MySQL's query optimizer chooses between available access paths — index range scans, index lookups, full table scans — based on cost estimates. When the optimizer picks a full table scan over an existing index, or picks the wrong index, queries slow dramatically. This is not a bug in the index; it is a signal about the query, the data distribution, or the statistics.

Impact

A missed index on a large table turns a millisecond lookup into a seconds-long full scan. On a busy server, full-table-scan queries accumulate open connections and I/O bandwidth, starving other queries. Writes to the table slow because InnoDB buffer pool pages are evicted by scan pages flooding the pool, destroying cache hit ratio.

Common Causes

  1. Type mismatch in the WHERE predicate: comparing a string column to an integer (or vice versa) forces a cast on every row, making the index unusable
  2. Function applied to the indexed column: WHERE YEAR(created_at) = 2024 — the index is on created_at but the optimizer cannot use it for a function result
  3. Leading column of composite index not present in WHERE: an index on (a, b, c) is not used for WHERE b = 1 because a is not constrained
  4. Low cardinality estimate: if the optimizer estimates the index will return > 30% of rows, a full scan is cheaper (this estimate can be wrong if ANALYZE TABLE has not been run recently)
  5. LIKE with a leading wildcard: WHERE name LIKE '%smith' cannot use a B-tree index; only LIKE 'smith%' can
  6. OR across different indexed columns: WHERE a = 1 OR b = 2 without an index_merge or the right composite index
  7. != / NOT IN / NOT LIKE: InnoDB cannot efficiently bound a range for these operators; they typically cause full scans
  8. Index statistics are stale: SHOW INDEX FROM table shows low Cardinality relative to actual data because ANALYZE TABLE has not run since a large data change
  9. Small table: the optimizer correctly determines a full scan is cheaper than a B-tree traversal for tables that fit in a handful of pages
  10. Index on a column with heavy NULL values: a plain index is usable but the optimizer may underestimate cardinality on NULL-heavy columns

Troubleshooting and Resolution Steps

  1. Run EXPLAIN on the slow query:

    EXPLAIN SELECT * FROM orders WHERE customer_id = 42 ORDER BY created_at DESC LIMIT 10;
    

    Key columns to inspect:

    • type: ALL = full table scan (bad for large tables); ref, range, index = uses an index
    • key: which index was actually chosen (NULL means no index used)
    • possible_keys: indexes the optimizer considered
    • rows: estimated rows to be examined
    • Extra: look for Using filesort, Using temporary, Using index condition, Using where
  2. Use EXPLAIN FORMAT=TREE or EXPLAIN ANALYZE (MySQL 8.0+) for more detail:

    EXPLAIN ANALYZE SELECT * FROM orders WHERE customer_id = 42 ORDER BY created_at DESC LIMIT 10;
    

    EXPLAIN ANALYZE actually runs the query and shows actual vs. estimated row counts, revealing cases where statistics are wrong.
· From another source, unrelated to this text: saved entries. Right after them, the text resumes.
theorem proposition3p1:
  fixes Q :: "('v, 'a) quiver"
    and sc :: "'k::alg_closed_field \<Rightarrow> 'b::ring_1 \<Rightarrow> 'b"
    and e :: "'v \<Rightarrow> 'b"
    and \<nu> :: "(('v, 'a) qpath \<Rightarrow> 'k) \<Rightarrow> 'b"
    and D :: "(('v, 'a) qpath \<Rightarrow> 'k) \<Rightarrow> (('v, 'a) qpath \<Rightarrow> 'k)"
    and T :: "'a set" and x0 :: 'v
  assumes "finite_quiver Q" and "connected_quiver Q" and "no_oriented_cycles Q"
    and "k_algebra sc"
    and "presentation Q sc e \<nu>"
    and "dilatation Q D"
    and "spanning_tree Q T" and "x0 \<in> verts Q"
  shows "\<forall>f \<in> hom (pi1 Q (ker_on Q (\<nu> \<circ> D)) x0) kplus.
           theta Q sc e (\<nu> \<circ> D) (ker_on Q (\<nu> \<circ> D)) T x0 f = theta Q sc e \<nu> (ker_on Q \<nu>) T x0 f"
proof
  fix f
  have src_verts: "\<And>\<alpha>. \<alpha> \<in> arrs Q \<Longrightarrow> src Q \<alpha> \<in> verts Q"
    using \<open>finite_quiver Q\<close> unfolding finite_quiver_def by blast
  obtain m where m: "\<And>p. m p \<noteq> 0" and D: "\<And>c. c \<in> pathalg Q \<Longrightarrow> D c = diag_scale m c"
    using dilatation_eq_diag_scale[OF \<open>dilatation Q D\<close> src_verts] by blast
  have \<nu>_pscale: "\<nu> (pscale a c) = sc a (\<nu> c)" if "c \<in> pathalg Q" for a c
    using \<open>presentation Q sc e \<nu>\<close> that unfolding presentation_def kQ_alg_hom_def by blast
  have "(\<nu> \<circ> D) (delta u) = sc (m u) (\<nu> (delta u))" if "is_path Q u" for u
    using D[OF delta_in_pathalg[OF that]] \<nu>_pscale[OF delta_in_pathalg[OF that]]
    by (simp add: diag_scale_delta)
  moreover have "hclass Q (ker_on Q (\<nu> \<circ> D)) = hclass Q (ker_on Q \<nu>)"
    using homot_ker_comp_dilatation[OF \<open>dilatation Q D\<close> src_verts, of \<nu>]
    unfolding hclass_def by simp
  ultimately have "is_f_tilde Q sc (\<nu> \<circ> D) (ker_on Q (\<nu> \<circ> D)) T x0 f
      = is_f_tilde Q sc \<nu> (ker_on Q \<nu>) T x0 f"
    by (rule is_f_tilde_rescale[OF \<open>k_algebra sc\<close> m])
  then show "theta Q sc e (\<nu> \<circ> D) (ker_on Q (\<nu> \<circ> D)) T x0 f = theta Q sc e \<nu> (ker_on Q \<nu>) T x0 f"
    unfolding theta_def by simp
qed

end
(* A regular Hausdorff space $X$ is $c$-semi-stratifiable if and only if $\mathcal{F}(X)$ is $c$-semi-stratifiable.
   Context: $\mathcal{F}(X)$ is the set of nonempty finite subsets of $X$ with the Vietoris topology (base: $\langle U_1,\dots,U_k\rangle=\{A: A\subset\bigcup_i U_i,\ A\cap U_j\neq\emptyset\ \forall j\}$, $U_i$ open in $X$). A space $Y$ is $c$-semi-stratifiable if to every compact $C\subset Y$ one can assign a sequence $\{G(n,C)\}_{n\in\omega}$ of open subsets of $Y$ such that (1) $C=\bigcap_{n\in\omega}G(n,C)$, and (2) if $C\subset F$ with $C,F$ compact, then $G(n,C)\subset G(n,F)$ for all $n$. *)

theory Defs
  imports "HOL-Analysis.Analysis"
begin

definition fin_subsets :: "'a topology \<Rightarrow> 'a set set" where
  "fin_subsets X = {A. finite A \<and> A \<noteq> {} \<and> A \<subseteq> topspace X}"

definition vietoris_box :: "'a set list \<Rightarrow> 'a set set" where
  "vietoris_box Us = {A. finite A \<and> A \<noteq> {} \<and> A \<subseteq> \<Union>(set Us) \<and> (\<forall>U\<in>set Us. A \<inter> U \<noteq> {})}"

definition FinVietoris :: "'a topology \<Rightarrow> 'a set topology" where
  "FinVietoris X = topology_generated_by
     {vietoris_box Us | Us. Us \<noteq> [] \<and> (\<forall>U\<in>set Us. openin X U)}"

definition c_semi_stratifiable :: "'b topology \<Rightarrow> bool" where
  "c_semi_stratifiable Y \<longleftrightarrow>
     (\<exists>G :: nat \<Rightarrow> 'b set \<Rightarrow> 'b set.
        (\<forall>C. compactin Y C \<longrightarrow> (\<forall>n. openin Y (G n C)) \<and> C = (\<Inter>n. G n C)) \<and>
        (\<forall>C F. compactin Y C \<and> compactin Y F \<and> C \<subseteq> F \<longrightarrow> (\<forall>n. G n C \<subseteq> G n F)))"

end

theory Submission
  imports Defs
begin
  3. Fix type mismatch — the most common and invisible cause:

    -- Column type is VARCHAR(50) but query passes an integer:
    -- Bad (implicit cast, index unusable):
    WHERE user_id = 12345        -- user_id is VARCHAR
    
    -- Good:
    WHERE user_id = '12345'
    
    -- Check column type
    DESCRIBE orders;
    
  4. Rewrite function-wrapped predicates to be sargable (Search ARGument ABLE):

    -- Bad: function on column, index on created_at is unused
    WHERE YEAR(created_at) = 2024
    
    -- Good: range on the column itself
    WHERE created_at >= '2024-01-01' AND created_at < '2025-01-01'
    
    -- Bad: arithmetic on column
    WHERE price * 1.1 > 100
    
    -- Good: move the arithmetic to the constant side
    WHERE price > 100 / 1.1
    
  5. Check and update table statistics:

    -- Show index statistics
    SHOW INDEX FROM orders;
    
    -- Update statistics (online, non-blocking in MySQL 5.6+)
    ANALYZE TABLE orders;
    

    The Cardinality column in SHOW INDEX should be close to the actual number of distinct values. If it is far off (e.g., shows 100 for a million-row table), the optimizer's cost estimate is wrong.
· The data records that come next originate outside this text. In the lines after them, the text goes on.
(* Let $X$ be a CAT(0) space, $T:X\to X$, $C\subseteq X$ nonempty and $\varphi:[0,\infty)\to[0,\infty)$ an increasing function vanishing only at $0$. If $T$ is uniformly firmly nonexpansive on $C$ with modulus $\varphi$, then $T$ is uniformly $(P_2)$ on $C$ with modulus $\varphi$.
   Context: A geodesic space $(X,d)$ is CAT(0) if for all $z\in X$, all geodesics $\gamma:[a,b]\to X$ and all $t\in[0,1]$, $d^2(z,\gamma((1-t)a+tb))\le(1-t)d^2(z,\gamma(a))+td^2(z,\gamma(b))-t(1-t)d^2(\gamma(a),\gamma(b))$; $(1-t)x+ty$ denotes the point at distance $t\,d(x,y)$ from $x$ on the unique geodesic from $x$ to $y$. $T$ is uniformly firmly nonexpansive on $C$ with modulus $\varphi$ if $T(C)\subseteq C$ and for all $x,y\in C$, $t\in[0,1]$: $d^2(Tx,Ty)\le d^2((1-t)x+tTx,(1-t)y+tTy)-2(1-t)\varphi(d(Tx,Ty))$. $T$ is uniformly $(P_2)$ on $C$ with modulus $\varphi$ if $T(C)\subseteq C$ and for all $x,y\in C$: $2d^2(Tx,Ty)\le d^2(x,Ty)+d^2(y,Tx)-d^2(x,Tx)-d^2(y,Ty)-2\varphi(d(Tx,Ty))$. *)

theory Defs
  imports "HOL-Analysis.Analysis"
begin

text \<open>A metric on the whole type (the space X is the carrier UNIV of type 'a).\<close>
definition is_metric :: "('a \<Rightarrow> 'a \<Rightarrow> real) \<Rightarrow> bool" where
  "is_metric d \<longleftrightarrow> (\<forall>x y. d x y = 0 \<longleftrightarrow> x = y) \<and> (\<forall>x y. d x y = d y x)
     \<and> (\<forall>x y z. d x z \<le> d x y + d y z)"

definition geodesic :: "('a \<Rightarrow> 'a \<Rightarrow> real) \<Rightarrow> (real \<Rightarrow> 'a) \<Rightarrow> real \<Rightarrow> real \<Rightarrow> bool" where
  "geodesic d \<gamma> a b \<longleftrightarrow> a \<le> b \<and> (\<forall>s\<in>{a..b}. \<forall>t\<in>{a..b}. d (\<gamma> s) (\<gamma> t) = \<bar>s - t\<bar>)"

definition geodesic_space :: "('a \<Rightarrow> 'a \<Rightarrow> real) \<Rightarrow> bool" where
  "geodesic_space d \<longleftrightarrow> is_metric d \<and>
     (\<forall>x y. \<exists>\<gamma> a b. geodesic d \<gamma> a b \<and> \<gamma> a = x \<and> \<gamma> b = y)"

definition CAT0 :: "('a \<Rightarrow> 'a \<Rightarrow> real) \<Rightarrow> bool" where
  "CAT0 d \<longleftrightarrow> geodesic_space d \<and>
     (\<forall>z \<gamma> a b t. geodesic d \<gamma> a b \<longrightarrow> t \<in> {0..1} \<longrightarrow>
        (d z (\<gamma> ((1 - t) * a + t * b)))\<^sup>2
          \<le> (1 - t) * (d z (\<gamma> a))\<^sup>2 + t * (d z (\<gamma> b))\<^sup>2 - t * (1 - t) * (d (\<gamma> a) (\<gamma> b))\<^sup>2)"

text \<open>(1-t)x + ty: the point at parameter t on the (unique, in a CAT(0) space) geodesic from x to y.\<close>
definition geo_comb :: "('a \<Rightarrow> 'a \<Rightarrow> real) \<Rightarrow> real \<Rightarrow> 'a \<Rightarrow> 'a \<Rightarrow> 'a" where
  "geo_comb d t x y = (THE p. \<exists>\<gamma> a b. geodesic d \<gamma> a b \<and> \<gamma> a = x \<and> \<gamma> b = y
                                 \<and> p = \<gamma> ((1 - t) * a + t * b))"

definition unif_firmly_nonexp ::
  "('a \<Rightarrow> 'a \<Rightarrow> real) \<Rightarrow> ('a \<Rightarrow> 'a) \<Rightarrow> 'a set \<Rightarrow> (real \<Rightarrow> real) \<Rightarrow> bool" where
  "unif_firmly_nonexp d T C \<phi> \<longleftrightarrow> T ` C \<subseteq> C \<and>
     (\<forall>x\<in>C. \<forall>y\<in>C. \<forall>t\<in>{0..1}.
        (d (T x) (T y))\<^sup>2 \<le> (d (geo_comb d t x (T x)) (geo_comb d t y (T y)))\<^sup>2
                            - 2 * (1 - t) * \<phi> (d (T x) (T y)))"

definition unif_P2 ::
  "('a \<Rightarrow> 'a \<Rightarrow> real) \<Rightarrow> ('a \<Rightarrow> 'a) \<Rightarrow> 'a set \<Rightarrow> (real \<Rightarrow> real) \<Rightarrow> bool" where
  "unif_P2 d T C \<phi> \<longleftrightarrow> T ` C \<subseteq> C \<and>
     (\<forall>x\<in>C. \<forall>y\<in>C.
        2 * (d (T x) (T y))\<^sup>2 \<le> (d x (T y))\<^sup>2 + (d y (T x))\<^sup>2 - (d x (T x))\<^sup>2 - (d y (T y))\<^sup>2
                                - 2 * \<phi> (d (T x) (T y)))"

end

theory Submission
  imports Defs
begin

text \<open>Apply the CAT(0) inequality three times to the geodesic points
  \<open>x\<^sub>t = (1-t)x + tTx\<close> and \<open>y\<^sub>t = (1-t)y + tTy\<close>: this bounds \<open>d(x\<^sub>t,y\<^sub>t)\<^sup>2\<close> by a
  quadratic expression in \<open>t\<close> in the six distances between \<open>x, Tx, y, Ty\<close>.
  Inserting it into the firm nonexpansiveness inequality and dividing by \<open>1 - t\<close>
  leaves \<open>(1+t)d(Tx,Ty)\<^sup>2 \<le> (1-t)d(x,y)\<^sup>2 + t\<cdot>A - 2\<phi>(d(Tx,Ty))\<close>, where \<open>A\<close> is the
  combination of distances occurring in \<open>(P\<^sub>2)\<close>; letting \<open>t \<rightarrow> 1\<close> gives \<open>(P\<^sub>2)\<close>.\<close>

lemma geodesic_point_dists:
  assumes g: "geodesic d \<gamma> a b" and t: "t \<in> {0..1}"
  shows "d (\<gamma> a) (\<gamma> ((1-t)*a+t*b)) = t*(b-a)"
    and "d (\<gamma> ((1-t)*a+t*b)) (\<gamma> b) = (1-t)*(b-a)"
    and "d (\<gamma> a) (\<gamma> b) = b - a"
proof -
  have ab: "a \<le> b" and iso: "\<And>s u. s\<in>{a..b} \<Longrightarrow> u\<in>{a..b} \<Longrightarrow> d (\<gamma> s) (\<gamma> u) = \<bar>s - u\<bar>"
    using g unfolding geodesic_def by auto
  have step: "0 \<le> t*(b-a)" "t*(b-a) \<le> b - a"
    using t ab by (auto simp: mult_left_le_one_le)
  moreover have "(1-t)*a+t*b = a + t*(b-a)"
    by (simp add: algebra_simps)
  ultimately have m: "(1-t)*a+t*b \<in> {a..b}"
    by auto
  show "d (\<gamma> a) (\<gamma> ((1-t)*a+t*b)) = t*(b-a)"
    using iso[OF _ m] ab step by (simp add: algebra_simps)
  show "d (\<gamma> ((1-t)*a+t*b)) (\<gamma> b) = (1-t)*(b-a)"
    using iso[OF m] ab step by (simp add: algebra_simps)
  show "d (\<gamma> a) (\<gamma> b) = b - a"
    using iso[of a b] ab by auto
qed

lemma CAT0_imp_is_metric: "CAT0 d \<Longrightarrow> is_metric d"
  unfolding CAT0_def geodesic_space_def by auto

lemma CAT0_geodesic_point_unique:
  assumes c: "CAT0 d" and t: "t \<in> {0..1}"
    and g1: "geodesic d \<gamma>1 a1 b1" "\<gamma>1 a1 = x" "\<gamma>1 b1 = y"
    and g2: "geodesic d \<gamma>2 a2 b2" "\<gamma>2 a2 = x" "\<gamma>2 b2 = y"
  shows "\<gamma>1 ((1-t)*a1+t*b1) = \<gamma>2 ((1-t)*a2+t*b2)"
proof -
  let ?p = "\<gamma>1 ((1-t)*a1+t*b1)" and ?q = "\<gamma>2 ((1-t)*a2+t*b2)"
  have sym: "\<And>u v. d u v = d v u" and zero: "\<And>u v. d u v = 0 \<longleftrightarrow> u = v"
    using CAT0_imp_is_metric[OF c] unfolding is_metric_def by auto
  define L where "L = d x y"
  have L: "L = b1 - a1"
    using geodesic_point_dists(3)[OF g1(1) t] g1 L_def by simp
  have "d ?p x = t * L" "d ?p y = (1-t) * L"
    using geodesic_point_dists(1,2)[OF g1(1) t] g1 L sym by metis+
  moreover have "(d ?p ?q)\<^sup>2 \<le> (1 - t) * (d ?p x)\<^sup>2 + t * (d ?p y)\<^sup>2 - t * (1 - t) * (d x y)\<^sup>2"
    using c g2 t unfolding CAT0_def by blast
  ultimately have "(d ?p ?q)\<^sup>2 \<le> (1 - t) * (t*L)\<^sup>2 + t * ((1-t)*L)\<^sup>2 - t * (1 - t) * L\<^sup>2"
    by (simp add: L_def)
  also have "\<dots> = 0"
    by (simp add: power2_eq_square algebra_simps)
  finally show ?thesis
    using zero by simp
qed

lemma CAT0_geo_comb_eq:
  assumes c: "CAT0 d" and t: "t \<in> {0..1}"
    and g: "geodesic d \<gamma> a b" "\<gamma> a = x" "\<gamma> b = y"
  shows "geo_comb d t x y = \<gamma> ((1-t)*a+t*b)"
  unfolding geo_comb_def
proof (rule the_equality)
  fix p assume "\<exists>\<gamma>' a' b'. geodesic d \<gamma>' a' b' \<and> \<gamma>' a' = x \<and> \<gamma>' b' = y \<and> p = \<gamma>' ((1-t)*a'+t*b')"
  then show "p = \<gamma> ((1-t)*a+t*b)"
    using CAT0_geodesic_point_unique[OF c t _ _ _ g] by metis
qed (use g in blast)

lemma CAT0_geo_comb_ineq:
  assumes c: "CAT0 d" and t: "t \<in> {0..1}"
  shows "(d z (geo_comb d t x y))\<^sup>2 \<le> (1 - t) * (d z x)\<^sup>2 + t * (d z y)\<^sup>2 - t * (1 - t) * (d x y)\<^sup>2"
proof -
  obtain \<gamma> a b where g: "geodesic d \<gamma> a b" "\<gamma> a = x" "\<gamma> b = y"
    using c unfolding CAT0_def geodesic_space_def by blast
  then show ?thesis
    using c t CAT0_geo_comb_eq[OF c t g] unfolding CAT0_def by auto
qed

lemma CAT0_geo_comb_dist_le:
  assumes c: "CAT0 d" and t: "t \<in> {0..1}"
  shows "(d (geo_comb d t x u) (geo_comb d t y v))\<^sup>2
    \<le> (1-t)\<^sup>2 * (d x y)\<^sup>2 + t\<^sup>2 * (d u v)\<^sup>2
       + t * (1-t) * ((d x v)\<^sup>2 + (d y u)\<^sup>2 - (d x u)\<^sup>2 - (d y v)\<^sup>2)"
proof -
  have sym: "\<And>p q. d p q = d q p"
    using CAT0_imp_is_metric[OF c] unfolding is_metric_def by auto
  define xt yt where "xt = geo_comb d t x u" and "yt = geo_comb d t y v"
  have "(d yt xt)\<^sup>2 \<le> (1 - t) * (d yt x)\<^sup>2 + t * (d yt u)\<^sup>2 - t * (1 - t) * (d x u)\<^sup>2"
    unfolding xt_def by (rule CAT0_geo_comb_ineq[OF c t])
  moreover have "(1-t) * (d x yt)\<^sup>2 \<le> (1-t) * ((1 - t) * (d x y)\<^sup>2 + t * (d x v)\<^sup>2 - t * (1 - t) * (d y v)\<^sup>2)"
    using t unfolding yt_def by (intro mult_left_mono CAT0_geo_comb_ineq[OF c t]) auto
  moreover have "t * (d u yt)\<^sup>2 \<le> t * ((1 - t) * (d u y)\<^sup>2 + t * (d u v)\<^sup>2 - t * (1 - t) * (d y v)\<^sup>2)"
    using t unfolding yt_def by (intro mult_left_mono CAT0_geo_comb_ineq[OF c t]) auto
  ultimately show ?thesis
    unfolding xt_def[symmetric] yt_def[symmetric]
    using sym[of yt xt] sym[of yt x] sym[of yt u] sym[of u y]
    by (simp add: power2_eq_square algebra_simps)
qed

lemma nonpos_if_le_one_minus_mult:
  fixes c K :: real
  assumes "\<And>t. 0 \<le> t \<Longrightarrow> t < 1 \<Longrightarrow> c \<le> (1-t) * K"
  shows "c \<le> 0"
proof -
  have "((\<lambda>t. (1-t) * K) \<longlongrightarrow> 0) (at_left 1)"
    by (auto intro!: tendsto_eq_intros)
  moreover have "\<forall>\<^sub>F t in at_left 1. c \<le> (1-t) * K"
    using eventually_at_left_real[of 0 "1::real"] by (auto elim!: eventually_mono intro: assms)
  ultimately show ?thesis
    by (rule tendsto_lowerbound) simp
qed

text \<open>Only the CAT(0) property and firm nonexpansiveness are used.\<close>

theorem proposition4p2:
  fixes d :: "'a \<Rightarrow> 'a \<Rightarrow> real" and T :: "'a \<Rightarrow> 'a" and C :: "'a set"
    and \<phi> :: "real \<Rightarrow> real"
  assumes "CAT0 d"
    and "C \<noteq> {}"
    and "\<forall>s\<ge>0. \<phi> s \<ge> 0"
    and "mono_on {0..} \<phi>"
    and "\<forall>s\<ge>0. \<phi> s = 0 \<longleftrightarrow> s = 0"
    and "unif_firmly_nonexp d T C \<phi>"
  shows "unif_P2 d T C \<phi>"
  unfolding unif_P2_def
proof (intro conjI ballI)
  show "T ` C \<subseteq> C"
    using assms(6) unfolding unif_firmly_nonexp_def by blast
  fix x y assume x: "x \<in> C" and y: "y \<in> C"
  define D A \<Phi> where "D = (d (T x) (T y))\<^sup>2"
    and "A = (d x (T y))\<^sup>2 + (d y (T x))\<^sup>2 - (d x (T x))\<^sup>2 - (d y (T y))\<^sup>2"
    and "\<Phi> = \<phi> (d (T x) (T y))"
  have "2*D - A + 2*\<Phi> \<le> 0"
  proof (rule nonpos_if_le_one_minus_mult)
    fix t :: real assume t0: "0 \<le> t" and t1: "t < 1"
    then have t: "t \<in> {0..1}" by simp
    have "D \<le> (d (geo_comb d t x (T x)) (geo_comb d t y (T y)))\<^sup>2 - 2 * (1 - t) * \<Phi>"
      using assms(6) x y t unfolding unif_firmly_nonexp_def D_def \<Phi>_def by blast
    also have "\<dots> \<le> (1-t)\<^sup>2 * (d x y)\<^sup>2 + t\<^sup>2 * D + t * (1-t) * A - 2 * (1 - t) * \<Phi>"
      using CAT0_geo_comb_dist_le[OF assms(1) t, of x "T x" y "T y"]
      unfolding D_def A_def by linarith
    finally have "(1-t) * (2*D - A + 2*\<Phi>) \<le> (1-t) * ((1-t) * ((d x y)\<^sup>2 + D - A))"
      by (simp add: power2_eq_square algebra_simps)
    then show "2*D - A + 2*\<Phi> \<le> (1-t) * ((d x y)\<^sup>2 + D - A)"
      using t1 by simp
  qed
  then show "2 * (d (T x) (T y))\<^sup>2 \<le> (d x (T y))\<^sup>2 + (d y (T x))\<^sup>2 - (d x (T x))\<^sup>2 - (d y (T y))\<^sup>2
      - 2 * \<phi> (d (T x) (T y))"
    unfolding D_def A_def \<Phi>_def by simp
qed

end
    Configure more frequent automatic statistics updates:

    -- InnoDB updates stats when ~10% of table rows change (default)
    SHOW VARIABLES LIKE 'innodb_stats_auto_recalc';
    SHOW VARIABLES LIKE 'innodb_stats_persistent_sample_pages';
    
    -- Increase sample size for better estimates on large tables
    SET GLOBAL innodb_stats_persistent_sample_pages = 25;
    SET PERSIST innodb_stats_persistent_sample_pages = 25;
    
  6. Add or redesign the index for the actual query pattern:

    -- Query: WHERE customer_id = ? ORDER BY created_at DESC LIMIT ?
    -- A composite index covers both the filter and the sort:
    ALTER TABLE orders ADD INDEX idx_customer_created (customer_id, created_at DESC);
    
    -- Then verify with EXPLAIN
    EXPLAIN SELECT * FROM orders WHERE customer_id = 42 ORDER BY created_at DESC LIMIT 10;
    
  7. Convert a covering query to use a covering index (avoids returning to the table):

    -- Query only needs id, status, created_at from orders
    ALTER TABLE orders ADD INDEX idx_covering (customer_id, status, created_at, id);
    
    -- EXPLAIN will show "Using index" in Extra — no row lookup needed
    
  8. Use FORCE INDEX as a temporary diagnostic tool (not a production fix):

    SELECT * FROM orders FORCE INDEX (idx_customer_id)
    WHERE customer_id = 42;
    

    If this is faster than the optimizer's choice, the statistics are wrong or the index definition needs adjusting. Fix the root cause rather than leaving FORCE INDEX in production code — it prevents the optimizer from adapting as data changes.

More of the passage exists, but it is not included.